[Stored data]
---

(* Fix $\theta\in\mathcal C$ (and $\lambda>0$, $p\in[1,\infty]$, $\alpha\in(0,1]$). Then: (i) For every $\phi\in\mathcal C$, $\operatorname{dist}_{\beta^{BK}_{\theta,\lambda,p,\alpha}}(\phi,\mathcal X\setminus\mathcal C)=\beta(\phi,\theta)$. (ii) $\overline{\mathcal X\setminus\mathcal C}^{\,\beta^{BK}_{\theta,\lambda,p,\alpha}}\cap \mathcal C=\{\theta\}$. (iii) $\mathcal C$ is $\beta^{BK}_{\theta,\lambda,p,\alpha}$-closed in $\mathcal X$, and $\overline{\mathcal X\setminus\mathcal C}^{\,\beta^{BK}_{\theta,\lambda,p,\alpha}}=(\mathcal X\setminus\mathcal C)\cup\{\theta\}$.
   Context: Let $A$ be a unital $C^*$-algebra, $H$ a Hilbert space, $\mathcal X=\mathrm{CB}(A,B(H))$, $\mathcal C=\mathrm{CP}(A,B(H))$, $\beta$ the Bures distance on $\mathcal C$, $\delta_{\mathrm{reg}}$ the regular-representation metric on $\mathcal X$, $\rho(\phi)=\delta_{\mathrm{reg}}(\phi,0)$ (so $\rho(\phi)\le\|\phi\|_{cb}^{1/2}$ and $\rho(\phi)>0$ for $\phi\neq0$). The BK metric $\beta^{BK}_{\theta,\lambda,p,\alpha}$ satisfies: it equals $\beta$ on $\mathcal C\times\mathcal C$, $\lambda\delta_{\mathrm{reg}}^\alpha$ on pairs of non-CP maps, and $\|(\beta(\phi,\theta),\lambda\rho(\psi)^\alpha)\|_{\ell^p}$ for $\phi\in\mathcal C$, $\psi\notin\mathcal C$ (it is defined as $\bigl\|\bigl(\|\kappa_\theta(\phi)-\kappa_\theta(\psi)\|_\infty,\lambda\widetilde\delta_{\mathrm{reg}}(\phi,\psi)^\alpha\bigr)\bigr\|_{\ell^p}$ with $\kappa_\theta$ the Kuratowski embedding based at $\theta$, extended by $0$ off $\mathcal C$). *)

theory Defs
  imports "HOL-Analysis.Analysis"
begin

text \<open>The ambient space
  X = CB(A,B(H)) with the cb-norm is modelled by a type 'x of class
  real_normed_vector; C = CP(A,B(H)) is a subset of it; the Bures distance
  beta is a metric on C; the regular-representation metric delta is a metric on X.\<close>

definition lp_pair :: "ereal \<Rightarrow> real \<Rightarrow> real \<Rightarrow> real" where
  "lp_pair p a b =
     (if p = \<infinity> then max \<bar>a\<bar> \<bar>b\<bar>
      else (\<bar>a\<bar> powr (real_of_ereal p) + \<bar>b\<bar> powr (real_of_ereal p)) powr (1 / real_of_ereal p))"

definition kuratowski :: "'x set \<Rightarrow> ('x \<Rightarrow> 'x \<Rightarrow> real) \<Rightarrow> 'x \<Rightarrow> 'x \<Rightarrow> 'x \<Rightarrow> real" where
  "kuratowski C beta theta phi = (\<lambda>x. if phi \<in> C then beta x phi - beta x theta else 0)"

definition sup_norm_on :: "'x set \<Rightarrow> ('x \<Rightarrow> real) \<Rightarrow> real" where
  "sup_norm_on C f = (SUP x\<in>C. \<bar>f x\<bar>)"

definition delta_tilde :: "'x::zero set \<Rightarrow> ('x \<Rightarrow> 'x \<Rightarrow> real) \<Rightarrow> 'x \<Rightarrow> 'x \<Rightarrow> real" where
  "delta_tilde C delta phi psi =
     delta (if phi \<in> C then 0 else phi) (if psi \<in> C then 0 else psi)"

definition BK_metric ::
  "'x::zero set \<Rightarrow> ('x \<Rightarrow> 'x \<Rightarrow> real) \<Rightarrow> ('x \<Rightarrow> 'x \<Rightarrow> real) \<Rightarrow> 'x \<Rightarrow> real \<Rightarrow> ereal \<Rightarrow> real
     \<Rightarrow> 'x \<Rightarrow> 'x \<Rightarrow> real" where
  "BK_metric C beta delta theta lam p \<alpha> phi psi =
     lp_pair p
       (sup_norm_on C (\<lambda>x. kuratowski C beta theta phi x - kuratowski C beta theta psi x))
       (lam * delta_tilde C delta phi psi powr \<alpha>)"

definition dist_to_set :: "('x \<Rightarrow> 'x \<Rightarrow> real) \<Rightarrow> 'x \<Rightarrow> 'x set \<Rightarrow> real" where
  "dist_to_set d x S = (INF y\<in>S. d x y)"

end

theory Submission
  imports Defs
begin

text \<open>Off \<open>C\<close> the Kuratowski coordinate of the BK metric only sees \<open>theta\<close> and the
  \<open>delta\<close> coordinate only sees \<open>0\<close>. Hence the BK metric is the pullback of the \<open>l\<^sup>p\<close>
  product of \<open>(C, beta)\<close> and a snowflake of \<open>delta\<close> along the injective map
  \<open>x \<mapsto> (if x \<in> C then x else theta, if x \<in> C then 0 else x)\<close>, in particular a metric.
  For \<open>phi \<in> C\<close> and \<open>psi \<notin> C\<close> it is the \<open>l\<^sup>p\<close> norm of
  \<open>(beta phi theta, lam * delta 0 psi powr \<alpha>)\<close>, and a pointed nontrivial cone has non-members
  of arbitrarily small norm, so the second entry can be made arbitrarily small: this is (i).
  Consequently a point of \<open>C\<close> is in the closure of the complement iff it is \<open>theta\<close>, while
  a non-member \<open>psi\<close> keeps distance at least \<open>lam * delta 0 psi powr \<alpha> > 0\<close> from \<open>C\<close>.\<close>

lemma powr_add_le_add_powr:
  fixes a b \<alpha> :: real
  assumes "0 \<le> a" "0 \<le> b" "0 < \<alpha>" "\<alpha> \<le> 1"
  shows "(a + b) powr \<alpha> \<le> a powr \<alpha> + b powr \<alpha>"
proof (cases "a + b = 0")
  case True
  then show ?thesis using assms by simp
next
  case False
  define s where "s = a + b"
  have s: "s > 0" using False assms by (simp add: s_def)
  have "0 \<le> a / s" "a / s \<le> 1" "0 \<le> b / s" "b / s \<le> 1"
    using assms s by (auto simp: s_def)
  then have "a / s \<le> (a / s) powr \<alpha>" "b / s \<le> (b / s) powr \<alpha>"
    using powr_mono'[of \<alpha> 1 "a / s"] powr_mono'[of \<alpha> 1 "b / s"] assms s by auto
  moreover have "a / s + b / s = 1" using s by (simp add: s_def add_divide_distrib[symmetric])
  ultimately have "1 \<le> (a / s) powr \<alpha> + (b / s) powr \<alpha>"
    by linarith
  then have "s powr \<alpha> \<le> s powr \<alpha> * ((a / s) powr \<alpha> + (b / s) powr \<alpha>)"
    using mult_left_mono[of 1 _ "s powr \<alpha>"] by simp
  also have "\<dots> = a powr \<alpha> + b powr \<alpha>"
    using assms s by (simp add: powr_divide distrib_left)
  finally show ?thesis by (simp add: s_def)
qed

lemma convex_on_powr_nonneg:
  fixes q :: real
  assumes "q \<ge> 1"
  shows "convex_on {0..} (\<lambda>x. x powr q)"
proof (rule convex_on_linorderI)
  fix t x y :: real
  assume t: "0 < t" "t < 1" and xy: "x \<in> {0..}" "y \<in> {0..}" "x < y"
  show "((1 - t) *\<^sub>R x + t *\<^sub>R y) powr q \<le> (1 - t) * x powr q + t * y powr q"
  proof (cases "x = 0")
    case True
    have "t powr q \<le> t powr 1" using t assms by (intro powr_mono') auto
    then have "t powr q * y powr q \<le> t * y powr q" using t by (simp add: mult_right_mono)
    then show ?thesis using True t xy by (simp add: powr_mult)
  next
    case False
    then show ?thesis using convex_onD[OF powr_convex[OF assms], of t x y] t xy by simp
  qed
qed simp

lemma powr_pair_minkowski:
  fixes q a1 a2 b1 b2 :: real
  assumes q: "q \<ge> 1" and nonneg: "0 \<le> a1" "0 \<le> a2" "0 \<le> b1" "0 \<le> b2"
  shows "((a1 + a2) powr q + (b1 + b2) powr q) powr (1 / q)
    \<le> (a1 powr q + b1 powr q) powr (1 / q) + (a2 powr q + b2 powr q) powr (1 / q)"
proof -
  define N where "N a b = (a powr q + b powr q) powr (1 / q)" for a b :: real
  define A B where "A = N a1 b1" and "B = N a2 b2"
  have N_powr: "N a b powr q = a powr q + b powr q" for a b
    using q by (simp add: N_def powr_powr)
  have N_zero: "a = 0 \<and> b = 0" if "N a b = 0" "0 \<le> a" "0 \<le> b" for a b
    using N_powr[of a b] that q by (simp add: add_nonneg_eq_0_iff)
  consider "A = 0" | "B = 0" | "A > 0" "B > 0"
    using A_def B_def N_def by fastforce
  then show ?thesis
  proof cases
    case 1
    then show ?thesis using N_zero[of a1 b1] nonneg by (simp add: A_def N_def)
  next
    case 2
    then show ?thesis using N_zero[of a2 b2] nonneg by (simp add: B_def N_def)
  next
    case 3
    txt \<open>The normalised sum is the convex combination, with weight \<open>t\<close>, of the unit vectors
      \<open>(a1, b1) / A\<close> and \<open>(a2, b2) / B\<close>.\<close>
    define t where "t = B / (A + B)"
    have t: "0 \<le> t" "t \<le> 1" "1 - t = A / (A + B)" using 3 by (auto simp: t_def field_simps)
    have comb: "(c1 + c2) / (A + B) = (1 - t) * (c1 / A) + t * (c2 / B)" for c1 c2
    proof -
      have "A + B \<noteq> 0" using 3 by simp
      then have "(1 - t) * (c1 / A) = c1 / (A + B)" "t * (c2 / B) = c2 / (A + B)"
        using 3 unfolding t(3) by (simp_all add: t_def field_simps)
      then show ?thesis by (simp add: add_divide_distrib)
    qed
    have unit: "(a / N a b) powr q + (b / N a b) powr q = 1" if "N a b > 0" "0 \<le> a" "0 \<le> b" for a b
    proof -
      have "a powr q + b powr q \<noteq> 0" using that(1) N_powr[of a b] by force
      then show ?thesis using that by (simp add: powr_divide add_divide_distrib[symmetric] N_powr)
    qed
    have convex: "((c1 + c2) / (A + B)) powr q \<le> (1 - t) * (c1 / A) powr q + t * (c2 / B) powr q"
      if "0 \<le> c1" "0 \<le> c2" for c1 c2
      using convex_onD[OF convex_on_powr_nonneg[OF q], of t "c1 / A" "c2 / B"] that t 3
      by (simp add: comb)
    have "((a1 + a2) / (A + B)) powr q + ((b1 + b2) / (A + B)) powr q
        \<le> (1 - t) * ((a1 / A) powr q + (b1 / A) powr q) + t * ((a2 / B) powr q + (b2 / B) powr q)"
      using convex[of a1 a2] convex[of b1 b2] nonneg by (simp add: algebra_simps)
    also have "\<dots> = 1" using unit 3 nonneg by (simp add: A_def B_def)
    finally have "(a1 + a2) powr q + (b1 + b2) powr q \<le> (A + B) powr q"
      using 3 nonneg by (simp add: powr_divide add_divide_distrib[symmetric])
    then have "N (a1 + a2) (b1 + b2) \<le> ((A + B) powr q) powr (1 / q)"
      unfolding N_def using q by (intro powr_mono2) auto
    also have "\<dots> = A + B" using q 3 by (simp add: powr_powr)
    finally show ?thesis by (simp add: N_def A_def B_def)
  qed
qed
lemma forb_colorable_by_cert:
  assumes G: "graph V E"
    and "earlier_nbrs_cert E (\<lambda>u. int (deg V E u) + 1 - int k + (if u \<in> I then 1 else 0)) [] cs"
    and "distinct (map fst cs)" and R: "set (map fst cs) = R"
  shows "forb_colorable V E R k I"
  unfolding forb_colorable_def
proof (intro allI impI)
  fix L assume L: "is_assignment R (\<lambda>u. bfun V E R k u - (if u \<in> I then 1 else 0)) L"
  then have "\<forall>x\<in>R. int (deg_in E R x)
      < int (deg V E x) + 1 - int k + (if x \<in> I then 1 else 0) + int (card (L x))"
    unfolding is_assignment_def bfun_def by force
  then have "greedy_order E L (map fst cs @ [])"
    using assms(2-4) graph_irreflD[OF G]
    by (intro earlier_nbrs_cert_greedy_order[where R = R]) auto
  then have "L_colorable E (set (map fst cs)) L"
    by (intro greedy_order_colorable)
      (use L assms graph_symD[OF G] graph_irreflD[OF G] in \<open>auto simp: is_assignment_def\<close>)
  then show "L_colorable E R L" using R by simp
qed

lemma fix_colorable_by_cert:
  assumes G: "graph V E" and "earlier_nbrs_cert E (\<lambda>u. int (deg V E u) + 1 - int k) [] cs"
    and "distinct (map fst cs @ [v])" and R: "set (map fst cs @ [v]) = R"
  shows "fix_colorable V E R k v"
  unfolding fix_colorable_def
proof (intro allI impI)
  fix L assume L: "is_assignment R ((bfun V E R k)(v := 1)) L"
  have "int (deg_in E R x) < int (deg V E x) + 1 - int k + int (card (L x))" if "x \<in> R - {v}" for x
  proof -
    have "bfun V E R k x \<le> int (card (L x))"
      using L that by (auto simp: is_assignment_def)
    then show ?thesis by (simp add: bfun_def)
  qed
  moreover have "greedy_order E L [v]"
    using L R by (auto simp: is_assignment_def)
  ultimately have "greedy_order E L (map fst cs @ [v])"
    using assms(2-4) graph_irreflD[OF G]
    by (intro earlier_nbrs_cert_greedy_order[where R = R]) auto
  then have "L_colorable E (set (map fst cs @ [v])) L"
    by (intro greedy_order_colorable)
      (use L assms graph_symD[OF G] graph_irreflD[OF G] in \<open>auto simp: is_assignment_def\<close>)
  then show "L_colorable E R L" using R by simp
qed

lemma forb_colorable_subset:
  assumes "I \<subseteq> J" and "forb_colorable V E R k J"
  shows "forb_colorable V E R k I"
  unfolding forb_colorable_def
proof (intro allI impI)
  fix L assume "is_assignment R (\<lambda>u. bfun V E R k u - (if u \<in> I then 1 else 0)) L"
  then have "is_assignment R (\<lambda>u. bfun V E R k u - (if u \<in> J then 1 else 0)) L"
    using assms(1) unfolding is_assignment_def by (smt (verit) subsetD)
  then show "L_colorable E R L" using assms(2) unfolding forb_colorable_def by blast
qed

lemma sorted_wrt_pair_cases:
  "sorted_wrt P xs \<Longrightarrow> a \<in> set xs \<Longrightarrow> b \<in> set xs \<Longrightarrow> a \<noteq> b \<Longrightarrow> P a b \<or> P b a"
  by (induction xs) auto

lemma boundary_reducible_4I:
  assumes R: "set rs = R" and "rs \<noteq> []" and "R \<subseteq> S"
    and fixing: "\<forall>v\<in>R. fix_colorable V E R 4 v"
    and forb_single: "\<forall>a\<in>R. forb_colorable V E R 4 {a}"
    and forb_pair: "sorted_wrt (\<lambda>a b. F_free_set E S {a, b} \<longrightarrow> forb_colorable V E R 4 {a, b}) rs"
  shows "boundary_reducible V E S R 4"
  unfolding boundary_reducible_def
proof (intro conjI allI impI ballI)
  show "R \<noteq> {}" "R \<subseteq> S" using assms(1-3) by auto
next
  fix v L assume "v \<in> R" "is_assignment R ((bfun V E R 4)(v := 1)) L"
  then show "L_colorable E R L" using fixing unfolding fix_colorable_def by blast
next
  fix I L
  assume I: "I \<subseteq> R \<and> F_free_set E S I \<and> card I + 2 \<le> 4"
    and L: "is_assignment R (\<lambda>u. bfun V E R 4 u - (if u \<in> I then 1 else 0)) L"
  have "finite I" using I R finite_subset by blast
  have "card I \<le> 2" using I by simp
  then consider "card I = 0" | "card I = 1" | "card I = 2" by linarith
  then have "forb_colorable V E R 4 I"
  proof cases
    case 1
    then have "I = {}" using \<open>finite I\<close> by simp
    moreover obtain a where "a \<in> R" using assms(1,2) by (cases rs) auto
    ultimately show ?thesis using forb_single forb_colorable_subset by blast
  next
    case 2
    then show ?thesis using I forb_single by (auto simp: card_1_singleton_iff)
  next
    case 3
    then obtain a b where "I = {a, b}" "a \<noteq> b" by (auto simp: card_2_iff)
    then show ?thesis
      using I R sorted_wrt_pair_cases[OF forb_pair]
      by (metis insert_commute subset_iff insertI1 insertI2)
  qed
  with L show "L_colorable E R L" unfolding forb_colorable_def by blast
qed

section \<open>Forbidden subgraphs through the new vertex\<close>

lemma successively_nth:
  "successively P xs \<Longrightarrow> Suc i < length xs \<Longrightarrow> P (xs ! i) (xs ! Suc i)"
  by (induction P xs arbitrary: i rule: successively.induct) (auto simp: less_Suc_eq_0_disj)
lemma prob_stays_positive_pos:
  assumes env: "cookie_env_plus \<omega>"
    and transient: "measure (coin_space \<omega>) {\<xi>. infinite {n. cookie_walk 0 \<xi> n = 0}} = 0"
  shows "measure (coin_space \<omega>) {\<xi>. \<forall>n>0. cookie_walk 0 \<xi> n > 0} > 0"
proof -
  interpret prob_space "coin_space \<omega>" by (rule prob_space_coin_space)
  let ?A = "{\<xi>. \<forall>n>0. cookie_walk 0 \<xi> n > 0}"
  define B where "B N = {\<xi>. override_on \<xi> (\<lambda>_. True) (escape_coins N) \<in> ?A}" for N
  define C where "C N = {\<xi>. \<forall>c\<in>escape_coins N. \<xi> c \<in> {True}}" for N
  have A: "?A \<in> events"
    by (rule sets_coin_space_Collect) measurable
  have B: "B N \<in> events" for N
    using measurable_sets[OF measurable_override_on_coin_space A] by (simp add: B_def vimage_def)
  have C: "C N \<in> events" for N
    unfolding C_def by (rule sets_coin_space_Collect) (simp add: escape_coins_def)
  have "AE \<xi> in coin_space \<omega>. finite {n. cookie_walk 0 \<xi> n = 0}"
    using transient prob_eq_0[OF sets_coin_space_Collect] by simp
  then have "AE \<xi> in coin_space \<omega>. \<exists>N. \<xi> \<in> B N"
    using AE_infinitely_many_heads[OF env] AE_not_tendsto_at_bot[OF env, of 0]
    by eventually_elim (use escape_by_forcing_coins in \<open>auto simp: B_def\<close>)
  then obtain N where "prob (B N) > 0"
    using exists_pos_prob_if_AE_ex[of B] B by blast
  then have "0 < prob (B N) * prob (C N)"
    using prob_escape_coins_heads_pos[OF env, of N] unfolding C_def by (rule mult_pos_pos)
  also have "\<dots> = prob (B N \<inter> C N)"
    by (rule measure_coin_space_Int_eq_mult[OF B _ C, where S = "escape_coins N", symmetric])
      (auto simp: depends_only_on_def B_def C_def override_on_def)
  also have "\<dots> \<le> prob ?A"
  proof (rule finite_measure_mono[OF _ A], rule subsetI)
    fix \<xi> assume "\<xi> \<in> B N \<inter> C N"
    moreover from this have "override_on \<xi> (\<lambda>_. True) (escape_coins N) = \<xi>"
      by (auto simp: C_def override_on_def)
    ultimately show "\<xi> \<in> ?A" by (simp add: B_def)
  qed
  finally show ?thesis .
qed

theorem mainTheorem8:
  fixes \<omega> :: "int \<Rightarrow> nat \<Rightarrow> real"
  assumes "cookie_env_plus \<omega>"
    and "omega_transient \<omega> 0"
  shows "measure (cookie_law \<omega> 0) {X. \<forall>n>0. X n > 0} > 0"
proof -
  let ?paths = "\<Pi>\<^sub>M (n::nat)\<in>UNIV. count_space (UNIV :: int set)"
  have space_paths: "space ?paths = UNIV" by (simp add: space_PiM)
  have "{X \<in> space ?paths. \<forall>m. \<exists>n>m. X n = 0} \<in> sets ?paths" by measurable
  then have "R_event 0 \<in> sets ?paths"
    by (simp add: R_event_def infinite_nat_iff_unbounded space_paths)
  moreover have "measure (cookie_law \<omega> 0) (R_event 0) = 0"
    using assms(2) by (simp add: omega_transient_def)
  ultimately have "measure (coin_space \<omega>) {\<xi>. infinite {n. cookie_walk 0 \<xi> n = 0}} = 0"
    by (simp add: measure_cookie_law R_event_def)
  moreover have "{X \<in> space ?paths. \<forall>n>0. X n > 0} \<in> sets ?paths" by measurable
  ultimately show ?thesis
    using prob_stays_positive_pos[OF assms(1)] by (simp add: measure_cookie_law space_paths)
qed

end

---

» **GOAL OF THE EXERCISE**:
Find the number of lines in the records that include the word "symmetric". Write only that number.

» **FINISHED EXERCISE**:
4